Background: The operational taxonomic unit (OTU) is widely used in microbial ecology. Reproducibility in microbial ecology research depends on the reliability of OTU-based 16S ribosomal subunit RNA (rRNA) analyses.
Results: Here, we report that many hierarchical and greedy clustering methods produce unstable OTUs, with membership that depends on the number of sequences clustered. If OTUs are regenerated with additional sequences or samples, sequences originally assigned to a given OTU can be split into different OTUs. Alternatively, sequences assigned to different OTUs can be merged into a single OTU. This OTU instability affects alpha-diversity analyses such as rarefaction curves, beta-diversity analyses such as distance-based ordination (for example, Principal Coordinate Analysis (PCoA)), and the identification of differentially represented OTUs.
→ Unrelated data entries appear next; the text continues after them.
(* Suppose every constraint function of the DCOP takes values in $\{0,1\}$, i.e. $f_{ij}:D_i\times D_j\to\{0,1\}$ for all constraints. Then for any evaporation rate $\gamma$, the DGLS variants $(A,\gamma,cel)$ and $(M,\gamma,cel)$ described in the context are equivalent: when run from the same initial assignment with the same random choices, in every round $k$ and for all agents $i$, neighbors $j$ and values $d_i\in D_i,d_j\in D_j$, the additive and multiplicative effective costs coincide, $\mathrm{EffCost}^{(k)}_A(d_i,j,d_j)=\mathrm{EffCost}^{(k)}_M(d_i,j,d_j)$ (so the two variants make identical decisions).
   Context: A (binary) Distributed Constraint Optimization Problem (DCOP) consists of agents $1,\dots,n$, each controlling one variable $x_i$ with finite domain $D_i$, and binary constraint functions $f_{ij}:D_i\times D_j\to\mathbb{R}_{\ge0}$ with $f_{ji}=f_{ij}^T$; $\mathcal{N}_i$ is the set of neighbors of $i$. Write $\check f_{ij}=\min f_{ij}$, $\hat f_{ij}=\max f_{ij}$. DGLS is parameterized by a tuple (manner, $\gamma$, scope): manner additive $A$ or multiplicative $M$, evaporation rate $\gamma$, scope among $cel$, $tab$, $row$, $col$; only $cel$ is needed here. Each agent $i$ keeps, for each $j\in\mathcal{N}_i$, a cost modifier $M_{ij}$ (a $|D_i|\times|D_j|$ real matrix), initialized to $0$. The effective cost is $\mathrm{EffCost}_A(d_i,j,d_j)=f_{ij}(d_i,d_j)+M_{ij}(d_i,d_j)$ (additive) or $\mathrm{EffCost}_M(d_i,j,d_j)=f_{ij}(d_i,d_j)\cdot[1+M_{ij}(d_i,d_j)]$ (multiplicative). Initially each agent picks a random value $d_i\in D_i$ and sends it to its neighbors. Rounds are synchronous; in each round agent $i$: (1) sets $\bar P_i=\emptyset$ and receives the neighbors' current values $d_j$; (2) computes $d_i^*\in\arg\min_{d\in D_i}\sum_{j\in\mathcal{N}_i}\mathrm{EffCost}(d,j,d_j)$ and gain $\Delta_i=\sum_{j}[\mathrm{EffCost}(d_i,j,d_j)-\mathrm{EffCost}(d_i^*,j,d_j)]$, and exchanges gains with neighbors; (3) if $\Delta_i>0$ and $\Delta_i$ is the best improvement among itself and its neighbors, it sets $d_i\gets d_i^*$; otherwise, if no neighbor can improve (all neighbors' gains are $\le 0$), then for each $j\in\mathcal{N}_i$ it declares $f_{ij}$ violated with probability $\eta=\frac{f_{ij}(d_i,d_j)-\check f_{ij}}{\hat f_{ij}-\check f_{ij}}$, and for each violated one adds $j$ to $\bar P_i$ and sends a SYNC message to $j$; (4) lets $\tilde P_i$ be the set of neighbors from which it received SYNC this round; (5) for each $j\in\mathcal{N}_i$: first evaporates, $M_{ij}\gets\gamma M_{ij}$ entrywise, then (scope $cel$) if $j\in\bar P_i\cup\tilde P_i$, sets $M_{ij}(d_i,d_j)\gets M_{ij}(d_i,d_j)+1$ at the current values $d_i,d_j$; (6) sends its value $d_i$ to its neighbors. *)

theory Defs
  imports Complex_Main
begin

text \<open>Agents have type 'a (linearly ordered, the
order is used for tie-breaking among equal gains), values have type 'v.\<close>

datatype manner = Add | Mult

type_synonym ('a, 'v) modifiers = "'a \<Rightarrow> 'a \<Rightarrow> 'v \<Rightarrow> 'v \<Rightarrow> real"
type_synonym ('a, 'v) dstate = "('a \<Rightarrow> 'v) \<times> ('a, 'v) modifiers"

definition effcost :: "manner \<Rightarrow> ('a \<Rightarrow> 'a \<Rightarrow> 'v \<Rightarrow> 'v \<Rightarrow> real) \<Rightarrow> ('a, 'v) modifiers
    \<Rightarrow> 'a \<Rightarrow> 'v \<Rightarrow> 'a \<Rightarrow> 'v \<Rightarrow> real" where
  "effcost m f M i di j dj =
     (case m of Add \<Rightarrow> f i j di dj + M i j di dj
              | Mult \<Rightarrow> f i j di dj * (1 + M i j di dj))"

definition fmin :: "('a \<Rightarrow> 'v set) \<Rightarrow> ('a \<Rightarrow> 'a \<Rightarrow> 'v \<Rightarrow> 'v \<Rightarrow> real) \<Rightarrow> 'a \<Rightarrow> 'a \<Rightarrow> real" where
  "fmin D f i j = Min ((\<lambda>p. f i j (fst p) (snd p)) ` (D i \<times> D j))"

definition fmax :: "('a \<Rightarrow> 'v set) \<Rightarrow> ('a \<Rightarrow> 'a \<Rightarrow> 'v \<Rightarrow> 'v \<Rightarrow> real) \<Rightarrow> 'a \<Rightarrow> 'a \<Rightarrow> real" where
  "fmax D f i j = Max ((\<lambda>p. f i j (fst p) (snd p)) ` (D i \<times> D j))"

text \<open>Violation probability eta (with Isabelle's convention x / 0 = 0 when f_ij is constant).\<close>
definition eta :: "('a \<Rightarrow> 'v set) \<Rightarrow> ('a \<Rightarrow> 'a \<Rightarrow> 'v \<Rightarrow> 'v \<Rightarrow> real) \<Rightarrow> ('a \<Rightarrow> 'v)
    \<Rightarrow> 'a \<Rightarrow> 'a \<Rightarrow> real" where
  "eta D f x i j = (f i j (x i) (x j) - fmin D f i j) / (fmax D f i j - fmin D f i j)"

text \<open>Randomness of the round: u i j is the uniform draw
in [0,1) used by agent i for constraint f_ij (violated iff u i j < eta);
tb i S is the tie-breaking choice of agent i from its (nonempty) argmin set S.\<close>
definition dgls_step :: "manner \<Rightarrow> ('a::linorder \<Rightarrow> 'v set) \<Rightarrow> ('a \<Rightarrow> 'a set)
    \<Rightarrow> ('a \<Rightarrow> 'a \<Rightarrow> 'v \<Rightarrow> 'v \<Rightarrow> real) \<Rightarrow> real
    \<Rightarrow> ('a \<Rightarrow> 'a \<Rightarrow> real) \<Rightarrow> ('a \<Rightarrow> 'v set \<Rightarrow> 'v)
    \<Rightarrow> ('a, 'v) dstate \<Rightarrow> ('a, 'v) dstate" where
  "dgls_step m D N f \<gamma> u tb st =
    (let x = fst st; M = snd st;
         C = (\<lambda>i d. \<Sum>j\<in>N i. effcost m f M i d j (x j));
         ds = (\<lambda>i. tb i {d \<in> D i. \<forall>d'\<in>D i. C i d \<le> C i d'});
         \<Delta> = (\<lambda>i. C i (x i) - C i (ds i));
         mv = (\<lambda>i. \<Delta> i > 0 \<and> (\<forall>j\<in>N i. \<Delta> j < \<Delta> i \<or> (\<Delta> j = \<Delta> i \<and> i < j)));
         stuck = (\<lambda>i. \<forall>j\<in>N i. \<Delta> j \<le> 0);
         viol = (\<lambda>i j. \<not> mv i \<and> stuck i \<and> u i j < eta D f x i j);
         x' = (\<lambda>i. if mv i then ds i else x i);
         M' = (\<lambda>i j a b. \<gamma> * M i j a b +
                 (if j \<in> N i \<and> (viol i j \<or> viol j i) \<and> a = x i \<and> b = x j then 1 else 0))
     in (x', M'))"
Our results show that the proportion of unstable OTUs varies for different clustering methods. We found that the closed-reference method is the only one that produces completely stable OTUs, with the caveat that sequences that do not match a pre-existing reference sequence collection are discarded.
Conclusions: As a compromise to the factors listed above, we propose using an open-reference method to enhance OTU stability. This type of method clusters sequences against a database and includes unmatched sequences by clustering them via a relatively stable de novo clustering method. OTU stability is an important consideration when analyzing microbial diversity and is a feature that should be taken into account during the development of novel OTU clustering methods.